I am trying to get only the numbers that are greater than x in a list to be my output and I also need it to return False if there are no numbers greater than x .

For example mylist=[1,2,3,4,5,6,7,8,9] and x=5 , I want my output to be [6,7,8,9] . if x=10 , I want my output to be false.

I cannot use any methods like .append or .sort

Answer 1

The mistake in your example is your incorrect usage of list comprehension . Here are simple examples to show you how to use list comprehension with conditional statements:

iterator = range(10)
# Example (list comprehension with if statement)
[x for x in iterator if x > 5]
# [6, 7, 8, 9]

# Example (list comprehension with if...else statement)
[x if x > 5 else 0 for x in iterator]
# [0, 0, 0, 0, 0, 0, 6, 7, 8, 9]

As for your specific question, you can use the information above to create a function like this:

def list_number(mylist, x):
    y = [n for n in mylist if n > x]
    if not y:
      return False
    return y

Answer 2

You can use a list comprehension and then return False if the list is empty. Using the or operator allow it to simplify it as it will execute the second statement if the first one is considered as False, so if the list is empty.

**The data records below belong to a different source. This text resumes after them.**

(* Let $n\ge 2$ and $t\ge 2$ be integers. Then there exists a constant $c>0$, depending only on $n$ and $t$, such that for every sufficiently large integer $q$ there exists a $t$-MIPPC$(n,q)$ of size at least $c\,q^{\frac{tn}{2t-1}}$; that is, $M_t(n,q)\ge c\,q^{\frac{tn}{2t-1}}$.
   Context: Let $Q$ be an alphabet with $|Q|=q$. An $(n,q)$ code is a subset $\mathcal{C}\subseteq Q^n$. For $\mathcal{S}\subseteq Q^n$ and $1\le i\le n$ let $\mathcal{S}(i)=\{\mathbf{c}(i):\mathbf{c}\in\mathcal{S}\}$, and let $\mathrm{desc}(\mathcal{S})=\mathcal{S}(1)\times\cdots\times\mathcal{S}(n)$. An $(n,q)$ code $\mathcal{C}$ is a $t$-MIPPC$(n,q)$ ($t$-identifiable parent property for multimedia fingerprinting) if for every nonempty $\mathcal{C}'\subseteq\mathcal{C}$ with $|\mathcal{C}'|\le t$ we have $\bigcap_{\mathcal{S}\in S_t(\mathcal{C}')}\mathcal{S}\neq\emptyset$, where $S_t(\mathcal{C}')=\{\mathcal{S}\subseteq\mathcal{C}: |\mathcal{S}|\le t,\ \mathrm{desc}(\mathcal{S})=\mathrm{desc}(\mathcal{C}')\}$. $M_t(n,q)$ denotes the maximum size $|\mathcal{C}|$ of a $t$-MIPPC$(n,q)$. *)

theory Defs
  imports Complex_Main
begin

definition words :: "nat \<Rightarrow> nat \<Rightarrow> nat list set" where
  "words n q = {w. length w = n \<and> set w \<subseteq> {..<q}}"

definition coord :: "nat list set \<Rightarrow> nat \<Rightarrow> nat set" where
  "coord S i = {c ! i | c. c \<in> S}"

definition desc :: "nat \<Rightarrow> nat list set \<Rightarrow> nat list set" where
  "desc n S = {w. length w = n \<and> (\<forall>i<n. w ! i \<in> coord S i)}"

definition S_t :: "nat \<Rightarrow> nat \<Rightarrow> nat list set \<Rightarrow> nat list set \<Rightarrow> nat list set set" where
  "S_t t n C C' = {S. S \<subseteq> C \<and> card S \<le> t \<and> desc n S = desc n C'}"

definition is_MIPPC :: "nat \<Rightarrow> nat \<Rightarrow> nat \<Rightarrow> nat list set \<Rightarrow> bool" where
  "is_MIPPC t n q C \<longleftrightarrow> C \<subseteq> words n q \<and>
     (\<forall>C'. C' \<subseteq> C \<and> C' \<noteq> {} \<and> card C' \<le> t \<longrightarrow> \<Inter> (S_t t n C C') \<noteq> {})"

end

theory Submission
  imports Defs "HOL-Library.FuncSet"
begin

text \<open>
  Take a random family of \<open>M \<approx> c q^(tn/(2t-1))\<close> words. If a coalition \<open>C'\<close> of at most \<open>t\<close>
  codewords cannot be identified, then \<open>C'\<close> together with, for each member \<open>c\<close> and coordinate
  \<open>i\<close>, another codeword in \<open>desc C'\<close> agreeing with \<open>c\<close> at \<open>i\<close>, is a set of between \<open>2\<close> and
  \<open>t + tn\<close> codewords taking at most \<open>min t (k div 2)\<close> values in every coordinate, where \<open>k\<close> is
  its size. A fixed set of \<open>k\<close> indices has this property with probability at most
  \<open>v^(nk) q^(-n(k-v))\<close>, \<open>v = min t (k div 2)\<close>, and since \<open>t(k-1) \<le> (k-v)(2t-1)\<close> the expected
  number of such index sets is at most \<open>M/2\<close>. Deleting one index from each of them leaves at
  least \<open>M/2\<close> distinct codewords forming a \<open>t\<close>-MIPPC.
\<close>

lemma words_eq: "words n q = {xs. set xs \<subseteq> {..<q} \<and> length xs = n}"
  unfolding words_def by auto

lemma finite_words: "finite (words n q)"
  by (simp add: words_eq finite_lists_length_eq)

lemma card_words: "card (words n q) = q ^ n"
  by (simp add: words_eq card_lists_length_eq)

lemma is_MIPPC_if_unique_coordinate:
  assumes C: "C \<subseteq> words n q"
    and unique: "\<And>C'. C' \<subseteq> C \<Longrightarrow> C' \<noteq> {} \<Longrightarrow> card C' \<le> t \<Longrightarrow>
       \<exists>c\<in>C'. \<exists>i<n. \<forall>d\<in>C. d \<in> desc n C' \<longrightarrow> d ! i = c ! i \<longrightarrow> d = c"
  shows "is_MIPPC t n q C"
  unfolding is_MIPPC_def
proof (intro conjI allI impI)
  fix C' assume C': "C' \<subseteq> C \<and> C' \<noteq> {} \<and> card C' \<le> t"
  then obtain c i where c: "c \<in> C'" "i < n"
    and only_c: "\<And>d. d \<in> C \<Longrightarrow> d \<in> desc n C' \<Longrightarrow> d ! i = c ! i \<Longrightarrow> d = c"
    using unique[of C'] C' by blast
  have in_desc: "w \<in> desc n T" if "w \<in> T" "T \<subseteq> C" for w T
    using that C unfolding desc_def coord_def words_def by auto
  have "c \<in> S" if "S \<in> S_t t n C C'" for S
  proof -
    have S: "S \<subseteq> C" "desc n S = desc n C'" using that unfolding S_t_def by auto
    have "c ! i \<in> coord S i"
      using in_desc[of c C'] c C' S(2) unfolding desc_def by auto
    then obtain d where d: "d \<in> S" "d ! i = c ! i" unfolding coord_def by auto
    have "d \<in> desc n C'" using in_desc[OF d(1) S(1)] S(2) by simp
    with d S(1) only_c show "c \<in> S" by auto
  qed
  then show "\<Inter> (S_t t n C C') \<noteq> {}" by blast
qed (use C in simp)

lemma double_card_image_le:
  assumes "finite W" and fibres: "\<And>x. x \<in> g ` W \<Longrightarrow> 2 \<le> card {y\<in>W. g y = x}"
  shows "2 * card (g ` W) \<le> card W"
proof -
  have "card W = card (\<Union>x\<in>g ` W. {y\<in>W. g y = x})" by (rule arg_cong[where f=card]) auto
  also have "\<dots> = (\<Sum>x\<in>g ` W. card {y\<in>W. g y = x})"
    using assms(1) by (intro card_UN_disjoint) auto
  also have "\<dots> \<ge> (\<Sum>x\<in>g ` W. 2)" by (intro sum_mono fibres)
  finally show ?thesis by simp
qed

text \<open>Stated for a family \<open>f\<close> indexed by \<open>I\<close>, so that it applies both to sets of codewords
  (\<open>f = id\<close>) and to index sets of a random word family, where two indices may carry the same word.\<close>

definition confusable :: "nat \<Rightarrow> nat \<Rightarrow> ('a \<Rightarrow> nat list) \<Rightarrow> 'a set \<Rightarrow> bool" where
  "confusable t n f I \<longleftrightarrow> 2 \<le> card I \<and> card I \<le> t + t * n \<and>
     (\<forall>j<n. card ((\<lambda>a. f a ! j) ` I) \<le> min t (card I div 2))"

lemma confusable_image_iff:
  "inj_on f I \<Longrightarrow> confusable t n id (f ` I) \<longleftrightarrow> confusable t n f I"
  by (simp add: confusable_def card_image image_image)

lemma card_image_le_min_half:
  assumes "finite W" "C' \<subseteq> W" "card C' \<le> t" "g ` W \<subseteq> g ` C'"
    and twin: "\<And>c. c \<in> C' \<Longrightarrow> \<exists>d\<in>W. d \<noteq> c \<and> g d = g c"
  shows "card (g ` W) \<le> min t (card W div 2)"
proof -
  have "finite C'" using assms(1,2) finite_subset by blast
  have "card (g ` W) \<le> card (g ` C')" using finite_imageI[OF \<open>finite C'\<close>] assms(4) by (rule card_mono)
  also have "\<dots> \<le> t" using card_image_le[OF \<open>finite C'\<close>, of g] assms(3) by linarith
  finally have "card (g ` W) \<le> t" .
  moreover have "2 * card (g ` W) \<le> card W"
  proof (rule double_card_image_le[OF assms(1)])
    fix x assume "x \<in> g ` W"
    with assms(4) have "x \<in> g ` C'" by (rule subsetD)
    then obtain c where "c \<in> C'" "g c = x" by blast
    moreover obtain d where "d \<in> W" "d \<noteq> c" "g d = g c" using twin[OF \<open>c \<in> C'\<close>] by blast
    ultimately have "{c, d} \<subseteq> {y\<in>W. g y = x}" "card {c, d} = 2" using assms(2) by auto
    moreover have "finite {y\<in>W. g y = x}" using assms(1) by simp
    ultimately show "2 \<le> card {y\<in>W. g y = x}" using card_mono by metis
  qed
  ultimately show ?thesis by simp
qed

lemma exists_confusable_subset:
  assumes "finite C" "0 < n" "C' \<subseteq> C" "C' \<noteq> {}" "card C' \<le> t"
    and twin: "\<forall>c\<in>C'. \<forall>i<n. \<exists>d\<in>C. d \<in> desc n C' \<and> d ! i = c ! i \<and> d \<noteq> c"
  shows "\<exists>W\<subseteq>C. confusable t n id W"
proof -
  obtain w where w: "\<And>c i. c \<in> C' \<Longrightarrow> i < n \<Longrightarrow>
      w c i \<in> C \<and> w c i \<in> desc n C' \<and> w c i ! i = c ! i \<and> w c i \<noteq> c"
    using twin by metis
  define W where "W = C' \<union> (\<lambda>(c, i). w c i) ` (C' \<times> {..<n})"
  have "finite C'" using finite_subset[OF assms(3,1)] .
  have "C' \<subseteq> W" unfolding W_def by blast
  have "W \<subseteq> C" unfolding W_def using assms(3) w by auto
  then have "finite W" using assms(1) by (rule finite_subset)
  have "card W \<le> card C' + card ((\<lambda>(c, i). w c i) ` (C' \<times> {..<n}))"
    unfolding W_def by (rule card_Un_le)
  also have "\<dots> \<le> card C' + card C' * n"
    using card_image_le[of "C' \<times> {..<n}" "\<lambda>(c, i). w c i"] \<open>finite C'\<close>
    by (simp add: card_cartesian_product)
  also have "\<dots> \<le> t + t * n" using assms(5) by (intro add_mono mult_right_mono) auto
  finally have size: "card W \<le> t + t * n" .
  have few_values: "card ((\<lambda>x. x ! j) ` W) \<le> min t (card W div 2)" if "j < n" for j
  proof (rule card_image_le_min_half[OF \<open>finite W\<close> \<open>C' \<subseteq> W\<close> assms(5)])
    have "x ! j \<in> (\<lambda>x. x ! j) ` C'" if "x \<in> W" for x
    proof (cases "x \<in> C'")
      case False
      with \<open>x \<in> W\<close> obtain c i where "c \<in> C'" "i < n" "x = w c i" unfolding W_def by auto
      then have "x \<in> desc n C'" using w by blast
      then show ?thesis using \<open>j < n\<close> unfolding desc_def coord_def by auto
    qed simp
    then show "(\<lambda>x. x ! j) ` W \<subseteq> (\<lambda>x. x ! j) ` C'" by blast
    fix c assume "c \<in> C'"
    moreover have "w c j \<in> W" unfolding W_def using \<open>c \<in> C'\<close> \<open>j < n\<close>
      by (auto intro!: rev_image_eqI[of "(c, j)"])
    ultimately show "\<exists>d\<in>W. d \<noteq> c \<and> d ! j = c ! j" using w \<open>j < n\<close> by blast
  qed
  have "(\<lambda>x. x ! 0) ` W \<noteq> {}" using \<open>C' \<subseteq> W\<close> assms(4) by blast
  then have "1 \<le> card W div 2"
    using few_values[OF assms(2)] \<open>finite W\<close> by (metis card_gt_0_iff finite_imageI less_one min.bounded_iff not_le)
  with size few_values have "confusable t n id W" unfolding confusable_def by simp
  then show ?thesis using \<open>W \<subseteq> C\<close> by blast
qed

def list_number(mylist, x):
    return [y for y in mylist if y > x] or False

---

Another way it can be done is using a filter:

def list_number(mylist, x):
     return list(filter(x.__lt__, mylist)) or False

x.__lt__ correspond to the less than operator on the value of x.

---

Either way,

>>> list_number(list(range(10)), 5)
[6, 7, 8, 9]

>>> list_number(list(range(10)), 11)
False

Answer 3

You can use the fact that empty list is a false value in python.
This way your code will always return a list, which is much better than returning a List | boolean

from typing import List

def list_number(my_list: List[int], x: int) -> List[int]:
    return [num for num in my_list if num > x]

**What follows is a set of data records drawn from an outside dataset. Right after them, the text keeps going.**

(* As formal power series in $q$, \[\sum_{\pi\in\mathcal{U}}q^{\mathcal{O}(\pi)}=\frac{1}{(q;q)_\infty^2}\quad\text{and}\quad \sum_{\pi\in\mathcal{D}}q^{\mathcal{O}(\pi')}=(-q;q)_\infty^2,\] where $\mathcal{U}$ is the set of all partitions, $\mathcal{D}$ the set of partitions into distinct parts, $\pi'$ denotes the conjugate of $\pi$, and for $\pi=(\lambda_1,\lambda_2,\dots)$, $\mathcal{O}(\pi)=\lambda_1+\lambda_3+\lambda_5+\cdots$.
   Context: A partition is a finite weakly decreasing sequence of positive integers; the conjugate $\pi'$ of $\pi$ is the partition whose $j$-th part is the number of parts of $\pi$ that are $\ge j$. $(a;q)_\infty=\prod_{n\ge0}(1-aq^n)$. *)

theory Defs
  imports "HOL-Computational_Algebra.Formal_Power_Series"
begin

definition is_partition :: "nat list \<Rightarrow> bool" where
  "is_partition xs \<longleftrightarrow> sorted_wrt (\<ge>) xs \<and> (\<forall>x\<in>set xs. 0 < x)"

definition conj_part :: "nat list \<Rightarrow> nat list" where
  "conj_part xs = map (\<lambda>j. length (filter (\<lambda>x. j \<le> x) xs)) [1..<Suc (fold max xs 0)]"

text \<open>O(pi) = lambda_1 + lambda_3 + lambda_5 + ... (1-based odd positions = 0-based even indices).\<close>
definition odd_sum :: "nat list \<Rightarrow> nat" where
  "odd_sum xs = (\<Sum>i<length xs. if even i then xs ! i else 0)"

text \<open>Infinite q-Pochhammer symbol (a;q)_infinity as the limit, in the usual (subdegree)
  topology on formal power series, of the finite products.\<close>
definition qpoch_inf :: "real fps \<Rightarrow> real fps" where
  "qpoch_inf a = lim (\<lambda>N. \<Prod>k<N. (1 - a * fps_X ^ k))"

end

theory Submission
  imports Defs "HOL-Library.More_List"
begin

text \<open>
  A partition \<open>\<lambda>\<^sub>1 \<ge> \<dots> \<ge> \<lambda>\<^sub>L\<close> (padded with zeros) is the same as its sequence of
  differences \<open>d\<^sub>m = \<lambda>\<^sub>m - \<lambda>\<^sub>m\<^sub>+\<^sub>1\<close>, which are arbitrary natural numbers. Since \<open>d\<^sub>m\<close> occurs in
  \<open>\<lambda>\<^sub>1, \<dots>, \<lambda>\<^sub>m\<close>, it contributes \<open>\<lceil>m/2\<rceil> d\<^sub>m\<close> to \<open>\<O>(\<lambda>)\<close>, and every weight \<open>k \<ge> 1\<close> arises for
  exactly two values of \<open>m\<close>: hence \<open>1/(q;q)\<^sub>\<infinity>\<^sup>2\<close>. A part \<open>x\<close> of \<open>\<pi>\<close> adds one to each of the first
  \<open>x\<close> parts of \<open>\<pi>'\<close>, of which \<open>\<lceil>x/2\<rceil>\<close> have odd index, so \<open>\<O>(\<pi>') = \<Sum>\<^sub>x\<^sub>\<in>\<^sub>\<pi> \<lceil>x/2\<rceil>\<close>; for distinct
  parts this gives \<open>\<Prod>\<^sub>x\<^sub>\<ge>\<^sub>1 (1 + q\<^bsup>\<lceil>x/2\<rceil>\<^esup>) = (-q;q)\<^sub>\<infinity>\<^sup>2\<close>. The infinite products are compared
  coefficientwise: the first \<open>n + 1\<close> coefficients of each of them are those of a finite product.
\<close>

unbundle fps_syntax

section \<open>Formal power series\<close>

definition fps_eq_upto :: "nat \<Rightarrow> 'a fps \<Rightarrow> 'a fps \<Rightarrow> bool" where
  "fps_eq_upto n f g \<longleftrightarrow> (\<forall>k\<le>n. f $ k = g $ k)"

lemma fps_eq_upto_refl [simp]: "fps_eq_upto n f f"
  by (simp add: fps_eq_upto_def)

lemma fps_eq_upto_sym: "fps_eq_upto n f g \<longleftrightarrow> fps_eq_upto n g f"
  by (auto simp: fps_eq_upto_def)

lemma fps_eq_upto_trans [trans]:
  "fps_eq_upto n f g \<Longrightarrow> fps_eq_upto n g h \<Longrightarrow> fps_eq_upto n f h"
  by (simp add: fps_eq_upto_def)

lemma fps_eq_upto_mono: "fps_eq_upto n f g \<Longrightarrow> m \<le> n \<Longrightarrow> fps_eq_upto m f g"
  by (simp add: fps_eq_upto_def)

lemma fps_eq_upto_mult:
  fixes f g :: "'a :: {comm_monoid_add, times} fps"
  assumes "fps_eq_upto n f f'" "fps_eq_upto n g g'"
  shows "fps_eq_upto n (f * g) (f' * g')"
  using assms unfolding fps_eq_upto_def fps_mult_nth by (auto intro!: sum.cong)

lemma fps_eq_upto_power:
  fixes f :: "'a :: comm_semiring_1 fps"
  shows "fps_eq_upto n f g \<Longrightarrow> fps_eq_upto n (f ^ k) (g ^ k)"
  by (induction k) (simp_all add: fps_eq_upto_mult)

lemma fps_eq_upto_prod:
  fixes f g :: "'b \<Rightarrow> 'a :: comm_semiring_1 fps"
  shows "(\<And>i. i \<in> I \<Longrightarrow> fps_eq_upto n (f i) (g i)) \<Longrightarrow>
    fps_eq_upto n (\<Prod>i\<in>I. f i) (\<Prod>i\<in>I. g i)"
  by (induction I rule: infinite_finite_induct) (simp_all add: fps_eq_upto_mult)

lemma fps_eq_upto_one_minus:
  fixes f :: "'a :: ring_1 fps"
  shows "(\<And>k. k \<le> n \<Longrightarrow> f $ k = 0) \<Longrightarrow> fps_eq_upto n (1 - f) 1"
  by (simp add: fps_eq_upto_def)

lemma fps_eq_upto_lim:
  fixes f :: "nat \<Rightarrow> 'a :: group_add fps"
  assumes stable: "\<And>m m'. m \<le> m' \<Longrightarrow> fps_eq_upto m (f m) (f m')"
  shows "fps_eq_upto n (lim f) (f n)"
proof -
  define g where "g = Abs_fps (\<lambda>k. f k $ k)"
  have "f \<longlonglongrightarrow> g"
  proof (rule tendsto_fpsI)
    fix k
    show "eventually (\<lambda>m. f m $ k = g $ k) sequentially"
      unfolding eventually_sequentially
      using stable by (metis fps_eq_upto_def fps_nth_Abs_fps g_def order_refl)
  qed
  then have "lim f = g"
    by (rule limI)
  then show ?thesis
    using stable by (auto simp: g_def fps_eq_upto_def)
qed

lemma fps_eq_upto_qpoch_partial:
  fixes a :: "'a :: comm_ring_1 fps"
  assumes "a $ 0 = 0" "n \<le> n'"
  shows "fps_eq_upto n (\<Prod>k<n. 1 - a * fps_X ^ k) (\<Prod>k<n'. 1 - a * fps_X ^ k)"
proof -
  define P where "P A = (\<Prod>k\<in>A. 1 - a * fps_X ^ k)" for A
  have "fps_eq_upto n (P {n..<n'}) (\<Prod>k\<in>{n..<n'}. 1)"
    unfolding P_def using assms(1)
    by (intro fps_eq_upto_prod fps_eq_upto_one_minus) (auto simp: fps_X_power_mult_right_nth)
  then have "fps_eq_upto n (P {..<n} * P {n..<n'}) (P {..<n} * 1)"
    by (intro fps_eq_upto_mult) simp_all
  moreover have "P {..<n} * P {n..<n'} = P {..<n'}"
    unfolding P_def using assms(2)
    by (metis atLeast0LessThan prod.atLeastLessThan_concat zero_le)
  ultimately show ?thesis
    by (simp add: P_def fps_eq_upto_sym)
qed

lemma fps_eq_upto_qpoch_inf:
  assumes "a $ 0 = 0"
  shows "fps_eq_upto n (qpoch_inf a) (\<Prod>k<n. 1 - a * fps_X ^ k)"
  unfolding qpoch_inf_def using assms
  by (intro fps_eq_upto_lim fps_eq_upto_qpoch_partial)

lemma fps_nth_sum_X_power_indicator:
  assumes "finite A"
  shows "(\<Sum>x\<in>A. fps_X ^ e x :: 'a :: comm_semiring_1 fps) $ n = of_nat (card {x\<in>A. e x = n})"
  using assms by (simp add: fps_sum_nth of_nat_sum [symmetric] sum.If_cases Int_def conj_commute eq_commute)

lemma fps_nth_prod_geometric:
  fixes w :: "nat \<Rightarrow> nat"
  shows "(\<Prod>m<L. \<Sum>d\<le>M. fps_X ^ (w m * d) :: 'a :: comm_semiring_1 fps) $ n
     = of_nat (card {g \<in> PiE {..<L} (\<lambda>_. {..M}). (\<Sum>m<L. w m * g m) = n})"
proof -
  have "(\<Prod>m<L. \<Sum>d\<le>M. fps_X ^ (w m * d) :: 'a fps)
      = (\<Sum>g\<in>PiE {..<L} (\<lambda>_. {..M}). \<Prod>m<L. fps_X ^ (w m * g m))"
    by (rule prod_sum_PiE) auto
  also have "\<dots> = (\<Sum>g\<in>PiE {..<L} (\<lambda>_. {..M}). fps_X ^ (\<Sum>m<L. w m * g m))"
    by (simp add: power_sum)
  finally show ?thesis
    by (simp add: fps_nth_sum_X_power_indicator finite_PiE)
qed

lemma fps_nth_prod_one_plus_X_power:
  fixes w :: "'b \<Rightarrow> nat"
  assumes "finite A"
  shows "(\<Prod>x\<in>A. 1 + fps_X ^ w x :: 'a :: comm_semiring_1 fps) $ n
     = of_nat (card {T \<in> Pow A. (\<Sum>x\<in>T. w x) = n})"
proof -
  have "(\<Prod>x\<in>A. 1 + fps_X ^ w x :: 'a fps) = (\<Sum>T\<in>Pow A. fps_X ^ (\<Sum>x\<in>T. w x))"
    using prod_add[OF assms, of "\<lambda>x. fps_X ^ w x" "\<lambda>_. 1"]
    by (simp add: add.commute power_sum)
  then show ?thesis
    using assms by (simp add: fps_nth_sum_X_power_indicator)
qed

lemma prod_lessThan_double:
  fixes h :: "nat \<Rightarrow> 'a :: comm_monoid_mult"
  shows "(\<Prod>m<2 * N. h (m div 2)) = (\<Prod>k<N. h k ^ 2)"
  by (induction N) (simp_all add: power2_eq_square mult_ac)

section \<open>Partitions and their difference sequences\<close>

lemma odd_sum_Nil [simp]: "odd_sum [] = 0"
  by (simp add: odd_sum_def)

lemma odd_sum_singleton [simp]: "odd_sum [x] = x"
  by (simp add: odd_sum_def)

lemma odd_sum_Cons_Cons [simp]: "odd_sum (x # y # xs) = x + odd_sum xs"
  unfolding odd_sum_def by (simp add: sum.lessThan_Suc_shift cong: if_cong del: sum.lessThan_Suc)

lemma odd_sum_replicate_0 [simp]: "odd_sum (replicate k 0) = 0"
  by (simp add: odd_sum_def)

lemma odd_sum_append_replicate_0 [simp]: "odd_sum (xs @ replicate k 0) = odd_sum xs"
proof (induction xs rule: induct_list012)
  case (2 x)
  show ?case by (cases k) simp_all
qed simp_all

result: List[int] = list_number([4,6,89,21],7)
if(result):
  print('non empty result')
else:
  print('empty result')
  
result: List[int] = list_number([4,6,89,21],790)
if(result):
  print('non empty result')
else:
  print('empty result') 

output

non empty result
empty result

Answer 4

I'd say this code is pretty easy to read and predictable. No need to have any advanced knowledge. (except typehints)

from typing import List, Union

l = [1, 2, 3, 4, 5, 6, 7, 8, 9, 10]
x = 10


def greater_than(list_uf_nums: List[int], num: int) -> Union[List[int], bool]:
    return_list = [y for y in list_uf_nums if y > num]
    if not return_list:
        return False
    return return_list


print(greater_than(l, x))